LTVは「平均顧客単価×収益率×購買頻度×継続期間」で計算します。たとえば平均顧客単価が30万円で収益率40%、購入頻度は年6回で継続期間が3年の顧客のLTVは、「30万円×40%×6回×3年=324万円」となります。

チャーンレート

チャーンレートとは解約率のことで、一定期間に企業との取引を中止した顧客の割合を表します。特にサブスクリプションサービスや定期購入にて用いられる指標です。

顧客が離反する背景には、企業や商品・サービスに対して何かしらの不満を抱いたことによる、信頼感の損失が考えられます。あるいは、競合他社がより大きな信頼感を獲得したことに起因する離反も考えられます。いずれにしても、チャーンレートが高くなると、顧客エンゲージメントは反比例して低くなっていると推測できるでしょう。

チャーンレートは「一定期間に解約した顧客数÷当初の顧客数×100」で計算できます。たとえば月初の顧客数300人に対して、月末までに解約した顧客数が15人だった場合、「15人÷300人×100=5%」となります。

顧客エンゲージメントを高めた成功事例

最後に、顧客エンゲージメントを高めて成果をあげている、企業の成功事例を紹介します。

喫茶店チェーンの成功事例

某大手喫茶店チェーンでは、店舗を家と会社に次ぐ「第三の場所」と位置づけ、コーヒーとともにくつろぎ空間を提供。居心地の良い空間という付加価値をつけて競合他社との差別化を図りつつ、帰属意識を高めて顧客エンゲージメントの向上に成功しています。

また、商品のクオリティをはじめ、接客オペレーションや空間デザインに至るまで、顧客ニーズを徹底的に追及し、「ここでコーヒーを買う」体験そのものの価値化に成功。多くの喫茶店があるなかで、知らない人はいない有名なチェーンとしての地位を不動のものとしています。

航空会社の成功事例

飛行機は、電車や車のように日常的に使用するものではありません。このような特性から、某大手航空会社では顧客エンゲージメントを高めるための接点の創出を課題としていました。

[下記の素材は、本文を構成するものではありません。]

text \<open>
  A complete process that is not lock-free has a reachable state with a waiting action whose
  partner never surfaces; running such a state to a normal form keeps that action on top, and
  completeness of the normal form makes it a self-deadlock.  Conversely, in a self-deadlock every
  top-level action has its partner only guarded, and by linearity all those partners are guarded
  by top-level actions of the same deadlock; this configuration is stable under reduction, so
  the waiting actions can never synchronise.
\<close>

declare scong.trans[trans]

lemma scong_par_Nil_left: "Par Nil P \<equiv>\<^sub>s P"
  by (meson scong.par_comm scong.par_nil scong.trans)

fun top_occ :: "act \<Rightarrow> proc \<Rightarrow> nat" where
  "top_occ \<alpha> Nil = 0"
| "top_occ \<alpha> (Pre \<beta> P) = (if \<alpha> = \<beta> then 1 else 0)"
| "top_occ \<alpha> (Par P Q) = top_occ \<alpha> P + top_occ \<alpha> Q"

fun guarded_occ :: "act set \<Rightarrow> act \<Rightarrow> proc \<Rightarrow> nat" where
  "guarded_occ G \<beta> Nil = 0"
| "guarded_occ G \<beta> (Pre \<gamma> P) = (if \<gamma> \<in> G then occ \<beta> P else guarded_occ G \<beta> P)"
| "guarded_occ G \<beta> (Par P Q) = guarded_occ G \<beta> P + guarded_occ G \<beta> Q"

fun num_prefixes :: "proc \<Rightarrow> nat" where
  "num_prefixes Nil = 0"
| "num_prefixes (Pre \<alpha> P) = Suc (num_prefixes P)"
| "num_prefixes (Par P Q) = num_prefixes P + num_prefixes Q"

lemma scong_occ: "P \<equiv>\<^sub>s Q \<Longrightarrow> occ \<alpha> P = occ \<alpha> Q"
  by (induction rule: scong.induct) auto

lemma scong_top_occ: "P \<equiv>\<^sub>s Q \<Longrightarrow> top_occ \<alpha> P = top_occ \<alpha> Q"
  by (induction rule: scong.induct) auto

lemma scong_guarded_occ: "P \<equiv>\<^sub>s Q \<Longrightarrow> guarded_occ G \<beta> P = guarded_occ G \<beta> Q"
  by (induction rule: scong.induct) (auto simp: scong_occ)

lemma scong_num_prefixes: "P \<equiv>\<^sub>s Q \<Longrightarrow> num_prefixes P = num_prefixes Q"
  by (induction rule: scong.induct) auto

lemma top_occ_le_occ: "top_occ \<alpha> P \<le> occ \<alpha> P"
  by (induction P) auto

lemma guarded_occ_le_occ: "guarded_occ G \<beta> P \<le> occ \<beta> P"
  by (induction P) auto

lemma top_occ_add_guarded_occ_le_occ: "top_occ \<beta> P + guarded_occ G \<beta> P \<le> occ \<beta> P"
  by (induction P) (auto simp: guarded_occ_le_occ)

lemma top_occ_add_guarded_occ_eq_occ:
  assumes "\<And>\<gamma>. top_occ \<gamma> P > 0 \<Longrightarrow> \<gamma> \<in> G"
  shows "top_occ \<beta> P + guarded_occ G \<beta> P = occ \<beta> P"
  using assms
proof (induction P)
  case (Pre \<gamma> P)
  then have "\<gamma> \<in> G" by (metis top_occ.simps(2) zero_less_one)
  then show ?case by auto
qed auto

lemma scong_Nil_if_no_top_occ: "(\<And>\<alpha>. top_occ \<alpha> P = 0) \<Longrightarrow> P \<equiv>\<^sub>s Nil"
proof (induction P)
  case Nil then show ?case by (simp add: scong.refl)
next
  case (Pre \<beta> P) then show ?case by (metis top_occ.simps(2) one_neq_zero)
next
  case (Par P Q)
  then have "Par P Q \<equiv>\<^sub>s Par Nil Nil" by (simp add: scong.cong_par)
  also have "\<dots> \<equiv>\<^sub>s Nil" by (rule scong.par_nil)
  finally show ?case .
qed

lemma top_occ_split: "top_occ \<alpha> P > 0 \<Longrightarrow> \<exists>P' P''. P \<equiv>\<^sub>s Par P' (Pre \<alpha> P'')"
proof (induction P)
  case (Pre \<beta> P)
  then show ?case using scong_par_Nil_left[of "Pre \<beta> P"] scong.sym by (auto split: if_splits)
next
  case (Par P Q)
  show ?case
  proof (cases "top_occ \<alpha> P > 0")
    case True
    then obtain A B where "P \<equiv>\<^sub>s Par A (Pre \<alpha> B)" using Par by blast
    then have "Par P Q \<equiv>\<^sub>s Par (Par A (Pre \<alpha> B)) Q" by (simp add: scong.cong_par scong.refl)
    also have "\<dots> \<equiv>\<^sub>s Par Q (Par A (Pre \<alpha> B))" by (rule scong.par_comm)
    also have "\<dots> \<equiv>\<^sub>s Par (Par Q A) (Pre \<alpha> B)" by (rule scong.par_assoc)
    finally show ?thesis by blast
  next
    case False
    then obtain A B where "Q \<equiv>\<^sub>s Par A (Pre \<alpha> B)" using Par by auto
    then have "Par P Q \<equiv>\<^sub>s Par P (Par A (Pre \<alpha> B))" by (simp add: scong.cong_par scong.refl)
    also have "\<dots> \<equiv>\<^sub>s Par (Par P A) (Pre \<alpha> B)" by (rule scong.par_assoc)
    finally show ?thesis by blast
  qed
qed simp

lemma inp_iff_top_occ: "inp a P \<longleftrightarrow> top_occ (In a) P > 0"
  unfolding inp_def using top_occ_split scong_top_occ by fastforce

lemma outp_iff_top_occ: "outp a P \<longleftrightarrow> top_occ (Out a) P > 0"
  unfolding outp_def using top_occ_split scong_top_occ by fastforce

lemma occ_le_occ_cfill: "occ \<alpha> Q \<le> occ \<alpha> (cfill C Q)"
  by (induction C) auto

lemma occ_split: "occ \<alpha> P > 0 \<Longrightarrow> \<exists>C X. P = cfill C (Pre \<alpha> X)"
proof (induction P)
  case (Pre \<beta> P)
  show ?case
  proof (cases "\<alpha> = \<beta>")
    case True then show ?thesis by (metis cfill.simps(1))
  next
    case False
    then obtain C X where "P = cfill C (Pre \<alpha> X)" using Pre by auto
    then show ?thesis by (metis cfill.simps(4))
  qed
next
  case (Par P Q)
  show ?case
  proof (cases "occ \<alpha> P > 0")
    case True
    then obtain C X where "P = cfill C (Pre \<alpha> X)" using Par by auto
    then show ?thesis by (metis cfill.simps(3))
  next
    case False
    then have "occ \<alpha> Q > 0" using Par.prems by simp
    then obtain C X where "Q = cfill C (Pre \<alpha> X)" using Par by auto
    then show ?thesis by (metis cfill.simps(2))
  qed
qed simp

lemma nested_occ_iff_occ:
  "(\<exists>C Q. P \<equiv>\<^sub>s cfill C Q \<and> top_occ \<alpha> Q > 0) \<longleftrightarrow> occ \<alpha> P > 0"
proof
  assume "\<exists>C Q. P \<equiv>\<^sub>s cfill C Q \<and> top_occ \<alpha> Q > 0"
  then obtain C Q where "P \<equiv>\<^sub>s cfill C Q" "top_occ \<alpha> Q > 0" by blast
  then show "occ \<alpha> P > 0"
    using top_occ_le_occ[of \<alpha> Q] occ_le_occ_cfill[of \<alpha> Q C] scong_occ by fastforce
next
  assume "occ \<alpha> P > 0"
  then obtain C X where "P = cfill C (Pre \<alpha> X)" using occ_split by blast
  then show "\<exists>C Q. P \<equiv>\<^sub>s cfill C Q \<and> top_occ \<alpha> Q > 0" using scong.refl by fastforce
qed

lemma cin_iff_occ: "cin a P \<longleftrightarrow> occ (In a) P > 0"
  unfolding cin_def inp_iff_top_occ by (rule nested_occ_iff_occ)

lemma cout_iff_occ: "cout a P \<longleftrightarrow> occ (Out a) P > 0"
  unfolding cout_def outp_iff_top_occ by (rule nested_occ_iff_occ)

lemma tcomplete_if_complete: "complete P \<Longrightarrow> tcomplete P"
  unfolding complete_def tcomplete_def inp_iff_top_occ outp_iff_top_occ cin_iff_occ cout_iff_occ
  using top_occ_le_occ less_le_trans by (meson le_less)

fun ectx_proc :: "ectx \<Rightarrow> proc" where
  "ectx_proc EHole = Nil"
| "ectx_proc (EParL P E) = Par P (ectx_proc E)"
| "ectx_proc (EParR E P) = Par (ectx_proc E) P"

同社が非利用時における顧客との接点を増やし、ブランド価値を提供する方法として目をつけたのが、SNSの活用です。Facebookの公式アカウントを開設した同社は、社員の実名と顔写真付きで仕事やサービスに対する思いを投稿するなど、「官僚的」とされていた堅いイメージの払拭を図るべく奔走。顧客との距離感を縮めることに成功しています。

さらにInstagramやX、LINE公式アカウントなども運用し、顧客との接点を創出。各SNS上でのコミュニケーションにて取得したデータから顧客ニーズを読み取り、サービスの改善につなげ、、さらなる顧客エンゲージメントの向上を図っています。

まとめ

商品やサービスのクオリティだけでは差別化が難しくなっている現在、顧客エンゲージメントの重要性はかつてなく高まっています。購買フェーズだけに目を向けるのではなく、認知段階からアフターフォローに至るまで、徹底した顧客目線に立ち、顧客体験の向上を図りましょう。

そのポイントのひとつに、「双方向の関係性」があります。さまざまな指標を活用して現状の課題を特定し、顧客エンゲージメントの向上を目指しましょう。